*Extracted entries:*
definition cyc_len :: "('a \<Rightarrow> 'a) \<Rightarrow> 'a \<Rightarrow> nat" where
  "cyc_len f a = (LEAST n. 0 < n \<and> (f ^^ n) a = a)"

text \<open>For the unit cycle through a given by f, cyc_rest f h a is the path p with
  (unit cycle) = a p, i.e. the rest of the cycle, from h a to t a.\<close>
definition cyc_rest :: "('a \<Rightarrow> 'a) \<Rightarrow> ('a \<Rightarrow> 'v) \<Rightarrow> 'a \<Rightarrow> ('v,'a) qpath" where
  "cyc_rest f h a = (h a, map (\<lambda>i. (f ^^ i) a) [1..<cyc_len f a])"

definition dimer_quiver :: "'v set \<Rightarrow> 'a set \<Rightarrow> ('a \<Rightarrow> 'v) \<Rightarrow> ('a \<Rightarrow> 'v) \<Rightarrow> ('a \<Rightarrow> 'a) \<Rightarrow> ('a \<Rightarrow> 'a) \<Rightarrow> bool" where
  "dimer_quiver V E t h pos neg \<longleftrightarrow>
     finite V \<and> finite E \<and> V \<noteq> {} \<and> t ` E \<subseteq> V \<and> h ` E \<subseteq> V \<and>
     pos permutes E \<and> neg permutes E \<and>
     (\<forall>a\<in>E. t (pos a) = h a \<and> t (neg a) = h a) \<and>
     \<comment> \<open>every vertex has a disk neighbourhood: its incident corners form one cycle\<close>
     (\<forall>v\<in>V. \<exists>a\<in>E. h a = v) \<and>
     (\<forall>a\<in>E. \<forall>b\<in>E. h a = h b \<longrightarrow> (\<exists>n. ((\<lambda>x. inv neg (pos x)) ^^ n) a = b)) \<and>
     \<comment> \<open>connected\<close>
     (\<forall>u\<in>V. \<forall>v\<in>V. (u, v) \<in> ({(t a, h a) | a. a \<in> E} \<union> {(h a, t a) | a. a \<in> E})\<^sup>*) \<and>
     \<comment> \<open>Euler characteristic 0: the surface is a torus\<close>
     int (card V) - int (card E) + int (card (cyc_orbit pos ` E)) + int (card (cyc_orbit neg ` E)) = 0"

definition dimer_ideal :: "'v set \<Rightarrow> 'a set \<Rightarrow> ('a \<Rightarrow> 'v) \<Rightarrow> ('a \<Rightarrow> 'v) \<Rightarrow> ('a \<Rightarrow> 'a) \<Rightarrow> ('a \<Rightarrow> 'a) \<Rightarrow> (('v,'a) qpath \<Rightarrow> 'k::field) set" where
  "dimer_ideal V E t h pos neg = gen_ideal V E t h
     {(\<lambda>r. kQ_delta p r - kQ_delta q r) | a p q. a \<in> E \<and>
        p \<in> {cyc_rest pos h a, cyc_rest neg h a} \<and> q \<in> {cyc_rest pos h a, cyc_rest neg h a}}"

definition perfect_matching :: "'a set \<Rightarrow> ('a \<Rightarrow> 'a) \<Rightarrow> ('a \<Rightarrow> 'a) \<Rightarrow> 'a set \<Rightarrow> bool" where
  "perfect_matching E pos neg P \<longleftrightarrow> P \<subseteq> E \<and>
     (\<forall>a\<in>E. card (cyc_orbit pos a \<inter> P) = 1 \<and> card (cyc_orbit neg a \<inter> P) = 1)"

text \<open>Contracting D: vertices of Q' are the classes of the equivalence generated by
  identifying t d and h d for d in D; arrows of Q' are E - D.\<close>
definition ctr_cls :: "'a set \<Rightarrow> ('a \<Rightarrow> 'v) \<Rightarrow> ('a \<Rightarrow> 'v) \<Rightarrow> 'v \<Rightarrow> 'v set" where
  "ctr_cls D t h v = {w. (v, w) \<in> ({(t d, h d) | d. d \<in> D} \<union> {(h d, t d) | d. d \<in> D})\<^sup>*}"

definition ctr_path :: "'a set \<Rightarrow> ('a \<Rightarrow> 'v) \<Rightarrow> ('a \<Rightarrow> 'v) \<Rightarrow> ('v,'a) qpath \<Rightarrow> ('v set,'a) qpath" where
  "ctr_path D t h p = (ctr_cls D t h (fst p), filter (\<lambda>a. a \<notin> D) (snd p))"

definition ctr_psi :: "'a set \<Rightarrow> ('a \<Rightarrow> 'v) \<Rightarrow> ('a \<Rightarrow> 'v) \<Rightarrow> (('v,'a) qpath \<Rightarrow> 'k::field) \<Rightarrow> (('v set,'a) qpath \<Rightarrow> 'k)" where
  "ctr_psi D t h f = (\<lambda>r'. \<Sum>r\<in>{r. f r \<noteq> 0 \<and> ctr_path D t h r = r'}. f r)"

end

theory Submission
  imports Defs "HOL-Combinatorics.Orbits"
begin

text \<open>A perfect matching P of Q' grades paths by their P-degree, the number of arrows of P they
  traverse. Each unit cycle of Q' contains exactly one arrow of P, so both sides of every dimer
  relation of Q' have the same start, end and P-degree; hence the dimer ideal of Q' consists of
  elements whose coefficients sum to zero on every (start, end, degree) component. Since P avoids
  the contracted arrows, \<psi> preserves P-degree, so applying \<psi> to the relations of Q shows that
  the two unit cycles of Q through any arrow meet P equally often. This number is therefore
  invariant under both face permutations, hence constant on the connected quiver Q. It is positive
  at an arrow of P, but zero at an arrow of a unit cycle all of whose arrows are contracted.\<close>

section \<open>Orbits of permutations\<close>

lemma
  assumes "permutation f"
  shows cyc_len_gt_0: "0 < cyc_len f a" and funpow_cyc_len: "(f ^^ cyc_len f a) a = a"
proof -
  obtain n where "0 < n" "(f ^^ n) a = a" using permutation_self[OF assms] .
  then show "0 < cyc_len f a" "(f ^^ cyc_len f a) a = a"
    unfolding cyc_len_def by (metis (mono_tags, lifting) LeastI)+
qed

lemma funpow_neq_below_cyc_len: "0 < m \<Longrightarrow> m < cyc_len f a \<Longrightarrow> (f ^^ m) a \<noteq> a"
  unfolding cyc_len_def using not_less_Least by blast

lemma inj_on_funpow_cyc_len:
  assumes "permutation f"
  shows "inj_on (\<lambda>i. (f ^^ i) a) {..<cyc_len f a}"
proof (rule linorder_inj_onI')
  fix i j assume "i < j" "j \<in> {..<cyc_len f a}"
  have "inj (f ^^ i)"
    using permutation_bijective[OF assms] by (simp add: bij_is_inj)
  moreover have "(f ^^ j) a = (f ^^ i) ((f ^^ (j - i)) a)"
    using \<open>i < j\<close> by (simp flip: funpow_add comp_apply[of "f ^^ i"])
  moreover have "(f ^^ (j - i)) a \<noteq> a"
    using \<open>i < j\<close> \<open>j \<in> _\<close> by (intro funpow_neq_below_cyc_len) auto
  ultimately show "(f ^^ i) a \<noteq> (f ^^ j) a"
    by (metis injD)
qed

*Activity:*
The lines from the one holding "at an arrow of P, but" to the final line of the entries, both included, are what should be output, exactly and alone.

*Answer space:*
  at an arrow of P, but zero at an arrow of a unit cycle all of whose arrows are contracted.\<close>

section \<open>Orbits of permutations\<close>

lemma
  assumes "permutation f"
  shows cyc_len_gt_0: "0 < cyc_len f a" and funpow_cyc_len: "(f ^^ cyc_len f a) a = a"
proof -
  obtain n where "0 < n" "(f ^^ n) a = a" using permutation_self[OF assms] .
  then show "0 < cyc_len f a" "(f ^^ cyc_len f a) a = a"
    unfolding cyc_len_def by (metis (mono_tags, lifting) LeastI)+
qed

lemma funpow_neq_below_cyc_len: "0 < m \<Longrightarrow> m < cyc_len f a \<Longrightarrow> (f ^^ m) a \<noteq> a"
  unfolding cyc_len_def using not_less_Least by blast

lemma inj_on_funpow_cyc_len:
  assumes "permutation f"
  shows "inj_on (\<lambda>i. (f ^^ i) a) {..<cyc_len f a}"
proof (rule linorder_inj_onI')
  fix i j assume "i < j" "j \<in> {..<cyc_len f a}"
  have "inj (f ^^ i)"
    using permutation_bijective[OF assms] by (simp add: bij_is_inj)
  moreover have "(f ^^ j) a = (f ^^ i) ((f ^^ (j - i)) a)"
    using \<open>i < j\<close> by (simp flip: funpow_add comp_apply[of "f ^^ i"])
  moreover have "(f ^^ (j - i)) a \<noteq> a"
    using \<open>i < j\<close> \<open>j \<in> _\<close> by (intro funpow_neq_below_cyc_len) auto
  ultimately show "(f ^^ i) a \<noteq> (f ^^ j) a"
    by (metis injD)
qed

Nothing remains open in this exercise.